Herein, a novel approach was developed to enable the simultaneously detection of HPV and bacteria in a human LBC sample using Nanopore sequencing. This approach expands the pathogen detection potential of the Nanopore platform and offers rapid results that are desirable in a clinical setting. This study also showed that Nanopore sequencing of full-length 16S rRNA can provide comparable microbiota results to those obtained when utilizing the Illumina V4 sequencing method, with the top most abundant genera consistent between platforms. Additionally, four HPV16 L2 or E1 integration sites within the LRP1B gene were identified, with two of them verified using Sanger sequencing. A deep analysis was performed to examine HPV infection and microbiome features associated with the examined patient sample to establish a broad potential application for HPV and microbiome analysis in a clinical setting. This approach can potentially be utilized as a diagnostic tool or can be potentially be utilized in other research and application areas.

Material and Methods

Sample information

Exfoliated cervical epithelial cell samples were collected and diagnosed as negative for intraepithelial lesions or malignancy (NILM) using the LBC. The sample used in this study was collected at the Sanmenxia Central Hospital, Henan Province, China, and the patient was 66 years old. The sample was collected for an HPV screening test, and the residual sample was used for this study. The sample was found to be HPV16 positive using a fluorescent HPV Genotyping kit (Bioperfectus Technologies, Jiangsu, China). This study was approved by the Medical Ethics Committee of Sanmenxia Central Hospital, Henan, China (Consent Number PROT No.36 [2018]). All experiments were performed in accordance with relevant guidelines and regulations and informed consent was obtained from the patient.

Genomic DNA extraction

Genomic DNA (gDNA) was extracted from exfoliated cervical epithelial cells using a TIANamp Micro DNA Kit (Tiangen, Beijing, China) according to the manufacture’s protocols. Briefly, samples were collected and stored in 1.5 ml sterilized tubes at 4 °C. A cell pellet was then formed following centrifugation at 5,000 rpm for 5 min and the DNA was extracted. The double-stranded (ds) DNA concentration was quantified using a Qubit dsDNA HS Assay Kit and Nanodrop 2000 (Thermo Fisher Scientific, Inc., Waltham, MA, USA).
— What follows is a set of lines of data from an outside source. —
theorem corollary4p2:
  fixes K :: "'a::euclidean_space set" and u :: 'a
  assumes "abstract_state_space K u"
    and "irreducible_cone K"
  shows "(weakly_self_dual K \<and> homogeneous_cone K) \<longleftrightarrow>
         (\<forall>\<alpha>. normalized_state K u \<alpha> \<and> \<alpha> \<in> interior K \<longrightarrow>
              (\<exists>\<omega>. isomorphism_state K u \<omega> \<and> omega_hat \<omega> u = \<alpha>))"
proof -
  have "u \<in> interior (dual_cone K)" "interior K \<noteq> {}"
    using assms(1) generating_convex_interior_nonempty
    unfolding abstract_state_space_def by blast+
  then have "(weakly_self_dual K \<and> homogeneous_cone K) \<longleftrightarrow> interior K \<subseteq> order_iso_orbit K u"
    by (rule weakly_self_dual_homogeneous_iff_orbit)
  also have "\<dots> \<longleftrightarrow>
      (\<forall>\<alpha>. normalized_state K u \<alpha> \<and> \<alpha> \<in> interior K \<longrightarrow> \<alpha> \<in> order_iso_orbit K u)"
    using assms(1) by (rule interior_subset_orbit_iff_normalized)
  finally show ?thesis
    by (simp add: orbit_iff_isomorphism_state_marginal)
qed

end
(* Let $\epsilon>0$, let $\{X_\lambda\}_{\lambda\in\mathbb N}$ be a family of distributions with $X_\lambda$ over $\{0,1\}^\lambda$ and $\mathbf H_{\min}(X_\lambda)>\lambda^\epsilon$ for every $\lambda$, and let $m:\mathbb N\to\mathbb N$ be polynomially bounded. Then for every quantum adversary $\mathcal A$ making at most polynomially many (in $\lambda$) oracle queries there is a negligible function $\mu$ such that for all $\lambda$, $$\Pr[\mathsf{Distinguish}(\mathcal A,\lambda,m(\lambda),X_\lambda)=1]\le \tfrac12+\mu(\lambda).$$
   Context: The game $\mathsf{Distinguish}(\mathcal A,\lambda,m,X)$: the challenger samples a uniformly random function $H:\{0,1\}^\lambda\to\{0,1\}^m$ and a uniform bit $b$. If $b=0$ it samples $x\leftarrow X$ and sends $H(x)$ to $\mathcal A$; if $b=1$ it samples a uniform $z\in\{0,1\}^m$ and sends $z$. $\mathcal A$ additionally has quantum oracle access to $H$ via the unitary $O^H:|x\rangle|y\rangle\mapsto|x\rangle|y\oplus H(x)\rangle$, and outputs a bit $b'$. The random variable $\mathsf{Distinguish}(\mathcal A,\lambda,m,X)$ equals $1$ iff $b'=b$. A function is negligible if it is $o(1/p(\lambda))$ for every polynomial $p$. *)

theory Defs
  imports "HOL-Probability.Probability" "HOL-Library.Landau_Symbols" "HOL-Library.FuncSet"
    "Jordan_Normal_Form.Matrix"
begin

definition negligible :: "(nat \<Rightarrow> real) \<Rightarrow> bool" where
  "negligible \<mu> \<longleftrightarrow> (\<forall>k::nat. \<mu> \<in> o(\<lambda>n. 1 / real n ^ k))"

definition poly_bounded :: "(nat \<Rightarrow> nat) \<Rightarrow> bool" where
  "poly_bounded f \<longleftrightarrow> (\<exists>c k. \<forall>n. f n \<le> c * (n + 1) ^ k)"

text \<open>Bit strings in {0,1}^n are encoded as naturals below 2^n.
  Min-entropy: H_min(X) = - log2 (max_x Pr[X = x]).\<close>
definition min_entropy :: "nat pmf \<Rightarrow> real" where
  "min_entropy X = - log 2 (Sup (pmf X ` UNIV))"

text \<open>Hilbert space of the adversary at parameters (lam, m) with workspace dimension w:
  basis states |x>|y>|v> with x < 2^lam (query input), y < 2^m (answer register),
  v < w (workspace), encoded as the index (x * 2^m + y) * w + v.\<close>
definition qdim :: "nat \<Rightarrow> nat \<Rightarrow> nat \<Rightarrow> nat" where
  "qdim lam m w = 2 ^ lam * 2 ^ m * w"

definition oracle_idx :: "nat \<Rightarrow> nat \<Rightarrow> (nat \<Rightarrow> nat) \<Rightarrow> nat \<Rightarrow> nat" where
  "oracle_idx m w H j =
     (let x = j div (2 ^ m * w); y = (j div w) mod 2 ^ m; v = j mod w
      in (x * 2 ^ m + Bit_Operations.xor y (H x)) * w + v)"

text \<open>The unitary O^H : |x>|y>|v> \<mapsto> |x>|y xor H(x)>|v>.\<close>
definition oracle_mat :: "nat \<Rightarrow> nat \<Rightarrow> nat \<Rightarrow> (nat \<Rightarrow> nat) \<Rightarrow> complex mat" where
  "oracle_mat lam m w H =
     mat (qdim lam m w) (qdim lam m w) (\<lambda>(i, j). if i = oracle_idx m w H j then 1 else 0)"

definition adjoint_mat :: "complex mat \<Rightarrow> complex mat" where
  "adjoint_mat A = mat (dim_col A) (dim_row A) (\<lambda>(i, j). cnj (A $$ (j, i)))"

definition unitary_mat :: "nat \<Rightarrow> complex mat \<Rightarrow> bool" where
  "unitary_mat n U \<longleftrightarrow> U \<in> carrier_mat n n \<and> adjoint_mat U * U = 1\<^sub>m n"

definition projector_mat :: "nat \<Rightarrow> complex mat \<Rightarrow> bool" where
  "projector_mat n P \<longleftrightarrow> P \<in> carrier_mat n n \<and> P * P = P \<and> adjoint_mat P = P"

definition sq_norm :: "complex vec \<Rightarrow> real" where
  "sq_norm v = (\<Sum>i<dim_vec v. (cmod (v $ i))\<^sup>2)"

text \<open>A query-bounded quantum adversary (for one value of the security parameter):
  on classical input z it prepares the state qa_init z, then alternately applies
  unitaries qa_unit z 0, O^H, qa_unit z 1, O^H, ..., O^H, qa_unit z qa_nq
  (so exactly qa_nq oracle queries), and finally measures the projective measurement
  {qa_meas z, 1 - qa_meas z}, outputting b' = 1 on outcome qa_meas z.\<close>
record qadv =
  qa_ws   :: nat
  qa_nq   :: nat
  qa_init :: "nat \<Rightarrow> complex vec"
  qa_unit :: "nat \<Rightarrow> nat \<Rightarrow> complex mat"
  qa_meas :: "nat \<Rightarrow> complex mat"

definition wf_qadv :: "nat \<Rightarrow> nat \<Rightarrow> qadv \<Rightarrow> bool" where
  "wf_qadv lam m A \<longleftrightarrow> 0 < qa_ws A \<and>
     (\<forall>z < 2 ^ m.
        qa_init A z \<in> carrier_vec (qdim lam m (qa_ws A)) \<and> sq_norm (qa_init A z) = 1 \<and>
        (\<forall>i \<le> qa_nq A. unitary_mat (qdim lam m (qa_ws A)) (qa_unit A z i)) \<and>
        projector_mat (qdim lam m (qa_ws A)) (qa_meas A z))"

primrec qa_state :: "qadv \<Rightarrow> nat \<Rightarrow> nat \<Rightarrow> (nat \<Rightarrow> nat) \<Rightarrow> nat \<Rightarrow> nat \<Rightarrow> complex vec" where
  "qa_state A lam m H z 0 = qa_unit A z 0 *\<^sub>v qa_init A z"
| "qa_state A lam m H z (Suc i) =
     qa_unit A z (Suc i) *\<^sub>v (oracle_mat lam m (qa_ws A) H *\<^sub>v qa_state A lam m H z i)"

definition qa_accept :: "qadv \<Rightarrow> nat \<Rightarrow> nat \<Rightarrow> (nat \<Rightarrow> nat) \<Rightarrow> nat \<Rightarrow> real" where
  "qa_accept A lam m H z = sq_norm (qa_meas A z *\<^sub>v qa_state A lam m H z (qa_nq A))"

definition Hfuns :: "nat \<Rightarrow> nat \<Rightarrow> (nat \<Rightarrow> nat) set" where
  "Hfuns lam m = PiE {..<2 ^ lam} (\<lambda>_. {..<2 ^ m})"

text \<open>Outcome distribution of the indicator [b' = b]; the bit b = 1 is encoded as True.\<close>
definition distinguish :: "qadv \<Rightarrow> nat \<Rightarrow> nat \<Rightarrow> nat pmf \<Rightarrow> bool pmf" where
  "distinguish A lam m X = do {
     H \<leftarrow> pmf_of_set (Hfuns lam m);
     b \<leftarrow> bernoulli_pmf (1 / 2);
     c \<leftarrow> (if b then pmf_of_set {..<2 ^ m} else map_pmf H X);
     b' \<leftarrow> bernoulli_pmf (qa_accept A lam m H c);
     return_pmf (b' = b) }"

end

theory Submission
  imports Defs "HOL-Real_Asymp.Real_Asymp"
begin

text \<open>
  The proof is the hybrid argument of Bennett, Bernstein, Brassard and Vazirani. If two oracles
  H and H' differ only at x, the final states of an adversary making q queries differ in norm by
  at most 2 (|P_x phi_0| + ... + |P_x phi_(q-1)|), where phi_k is the state before the k-th query
  and P_x projects onto the basis states querying x; hence the acceptance probabilities differ by
  at most twice that. In the game, the real challenge H(x) with x drawn from X, seen together with
  the oracle H, is distributed like a uniform challenge z seen together with the oracle H(x := z).
  So the advantage is an average over x of such differences, and by Cauchy-Schwarz
  sum_x Pr[X = x] |P_x phi_k| <= sqrt (max_x Pr[X = x]) = 2 powr (- H_min(X) / 2).
  This gives Pr[b' = b] <= 1/2 + 2 q 2 powr (- H_min(X) / 2), which is negligible for polynomial q
  and H_min(X) > lam powr eps.
\<close>

section \<open>The Euclidean norm on complex vectors\<close>

definition vnorm :: "complex vec \<Rightarrow> real" where
  "vnorm v = sqrt (sq_norm v)"

definition vinner :: "complex vec \<Rightarrow> complex vec \<Rightarrow> complex" where
  "vinner u v = (\<Sum>i<dim_vec u. u $ i * cnj (v $ i))"

lemma vnorm_eq_L2_set: "vnorm v = L2_set (\<lambda>i. cmod (v $ i)) {..<dim_vec v}"
  by (simp add: vnorm_def sq_norm_def L2_set_def)

lemma vnorm_nonneg [simp]: "0 \<le> vnorm v"
  by (simp add: vnorm_eq_L2_set)

lemma vnorm_square: "vnorm v ^ 2 = sq_norm v"
  by (simp add: vnorm_def sq_norm_def sum_nonneg)

lemma vinner_self: "vinner v v = of_real (vnorm v ^ 2)"
  unfolding vinner_def vnorm_square sq_norm_def of_real_sum
  by (intro sum.cong refl) (rule complex_norm_square[symmetric])

lemma vinner_Cauchy_Schwarz:
  assumes "dim_vec u = dim_vec v"
  shows "cmod (vinner u v) \<le> vnorm u * vnorm v"
proof -
  have "cmod (vinner u v) \<le> (\<Sum>i<dim_vec u. \<bar>cmod (u $ i)\<bar> * \<bar>cmod (v $ i)\<bar>)"
    unfolding vinner_def by (rule order_trans[OF norm_sum]) (simp add: norm_mult)
  also have "\<dots> \<le> vnorm u * vnorm v"
    using assms by (simp only: vnorm_eq_L2_set L2_set_mult_ineq)
  finally show ?thesis .
qed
Amplification of 16S V4 and Illumina sequencing library construction

The isolated gDNA was used as a template to amplify the V4 hypervariable region of the 16S rRNA gene[80]. PCR was performed in a total volume of 20 µL and contained 10 µL KAPA HiFi HotStart Ready Mix (KAPA Biosystems, Wilmington, MA, USA), 0.5 µL each primer (10 nM), and 20 ng gDNA. Reactions were initially heated to 94 °C for 3 min, followed by 5 cycles at 94 °C for 30 s, 45 °C for 20 s, and 65 °C for 30 s; 10 cycles at 94 °C for 30 s, 50 °C for 30 s, and 72 °C for 30 s; and 15 cycles at 94 °C for 30 s, 55 °C for 30 s, and 72 °C for 30 s. Reactions were completed at 72 °C for 5 min. Amplified PCR products were purified using 1.6× Agencourt AMPure XP beads (BeckmanCoulter Genomics, Brea, CA, USA) and then verified using 2% agarose gel electrophoresis. The purified DNA was then used to construct Illumina libraries using the NEBNext®UltraIITM DNA Library Prep Kit for Illumina® (E7370L; New England Biolabs, Ipswich, MA, USA) and NEBNext® Multiplex Oligos for Illumina® (E6609L; NEB) according to the manufacturer’s instructions. The generated library was quantified using a Qubit dsDNA HS Assay Kit (Thermo Fisher Scientific) with a Qubit 3.0 fluorometer (Invitrogen) and qualified using an Agilent 2100 TapeStation (Agilent Technologies, Santa Clara, CA, USA). The libraries were paired-end (2 × 150 bp) sequenced using an Illumina NextSeq Mid Output platform with a NextSeq. 500/550 Mid Output v2 kit (300 cycles) in rapid run mode according to standard Illumina sequencing protocols.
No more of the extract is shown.